Are seasoned cast iron more resistant?
To make it last longer, people often season cast iron with cooking oil to build a non-stick, non-reactive layer on its surface. The oil is essentially "baked" into the metal, forming a non-reactive layer on top of the bare material. This layer will keep the tomato juice from making direct contact with the metal surface and reacting with it. However, the seasoning isn't invincible. The entire time that the tomatoes are sitting and stewing on your glistening, well-seasoned cast iron, it's wearing it down bit by bit.

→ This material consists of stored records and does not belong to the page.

text \<open>The condition Suc i mod l \<noteq> 0 says that positions i and i + 1 lie in the same block of
  l consecutive positions.\<close>
definition blockwise_twisted :: "'a::times \<Rightarrow> nat \<Rightarrow> nat \<Rightarrow> nat \<Rightarrow> (nat list \<Rightarrow> 'a) \<Rightarrow> bool" where
  "blockwise_twisted t l m D f \<longleftrightarrow>
     (\<forall>I\<in>tuples m D. \<forall>i. Suc i < D \<longrightarrow> Suc i mod l \<noteq> 0 \<longrightarrow> I ! i < I ! Suc i
        \<longrightarrow> f (swap_at i I) = t * f I)"

lemma blockwise_twisted_first_block:
  assumes f: "blockwise_twisted t l m (Suc d * l) f" and R: "R \<in> tuples m (d * l)"
  shows "ascent_twisted t m l (\<lambda>B. f (B @ R))"
  unfolding ascent_twisted_def
proof (intro ballI allI impI)
  fix B i assume B: "B \<in> tuples m l" and i: "Suc i < l" and asc: "B ! i < B ! Suc i"
  have "length B = l" using B by (rule length_of_tuples)
  moreover have "B @ R \<in> tuples m (Suc d * l)" using B R by (auto simp: tuples_def)
  ultimately show "f (swap_at i B @ R) = t * f (B @ R)"
    using f i asc unfolding blockwise_twisted_def
    by (auto simp: swap_at_append_left[symmetric] nth_append)
qed

lemma blockwise_twisted_other_blocks:
  assumes f: "blockwise_twisted t l m (Suc d * l) f" and B: "B \<in> tuples m l"
  shows "blockwise_twisted t l m (d * l) (\<lambda>R. f (B @ R))"
  unfolding blockwise_twisted_def
proof (intro ballI allI impI)
  fix R i assume R: "R \<in> tuples m (d * l)" and i: "Suc i < d * l"
    and md: "Suc i mod l \<noteq> 0" and asc: "R ! i < R ! Suc i"
  have lB: "length B = l" using B by (rule length_of_tuples)
  have "B @ R \<in> tuples m (Suc d * l)" using B R by (auto simp: tuples_def)
  moreover have "Suc (l + i) mod l \<noteq> 0" using md by (metis add_Suc_right mod_add_self1)
  ultimately have "f (swap_at (l + i) (B @ R)) = t * f (B @ R)"
    using f i asc lB unfolding blockwise_twisted_def by (auto simp: nth_append)
  then show "f (B @ swap_at i R) = t * f (B @ R)"
    using swap_at_append_right[of B i R] lB by simp
qed

lemma sum_blockwise_twisted_eq_sum_stretch:
  fixes t :: "'a::field"
  assumes t: "primitive_root t l" and l: "1 < l" and f: "blockwise_twisted t l m (d * l) f"
  shows "(\<Sum>I\<in>tuples m (d * l). f I) = (\<Sum>I\<in>tuples m d. f (stretch l I))"
  using f
proof (induction d arbitrary: f)
  case (Suc d)
  have "(\<Sum>I\<in>tuples m (Suc d * l). f I) = (\<Sum>B\<in>tuples m l. \<Sum>R\<in>tuples m (d * l). f (B @ R))"
    using sum_tuples_add[of f m l "d * l"] by simp
  also have "\<dots> = (\<Sum>R\<in>tuples m d. \<Sum>B\<in>tuples m l. f (B @ stretch l R))"
    using Suc.IH[OF blockwise_twisted_other_blocks[OF Suc.prems]]
    by (simp add: sum.swap[of _ "tuples m l"])
  also have "\<dots> = (\<Sum>R\<in>tuples m d. \<Sum>j<m. f (replicate l j @ stretch l R))"
    using sum_ascent_twisted_primitive_root[OF t l
        blockwise_twisted_first_block[OF Suc.prems stretch_in_tuples]]
    by simp
  also have "\<dots> = (\<Sum>I\<in>tuples m (Suc d). f (stretch l I))"
    by (simp add: sum_tuples_Suc sum.swap[of _ "{..<m}"])
  finally show ?case .
qed simp

section \<open>Hecke-linear maps\<close>

lemma Tcoef_equal: "J ! i = J ! Suc i \<Longrightarrow> Tcoef q i K J = (if K = J then q else 0)"
  by (simp add: Tcoef_def Let_def)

You may be able to get a few extra minutes on top of the 30-minute threshold of an unseasoned pan, but a seasoning layer won't make your cast-iron skillet acid-proof by any significant margin. Over time, repeated exposure to acid can actually start to erode the seasoning and even cause pitting — tiny spots and divots on the pan where the acidity visibly eats into the metal itself. Fortunately, this won't happen after just one meal, but too much acid for too long will take its toll on your cast-iron cookware.
But let's say you're a cast-iron devotee and you don't have a stainless steel skillet handy. You can add a teeny bit of baking soda to the tomato sauce, which, being basic, is highly effective at neutralizing the acidity in the sauce. Just don't forget to reseason your cast-iron skillet to avoid any other common mistakes.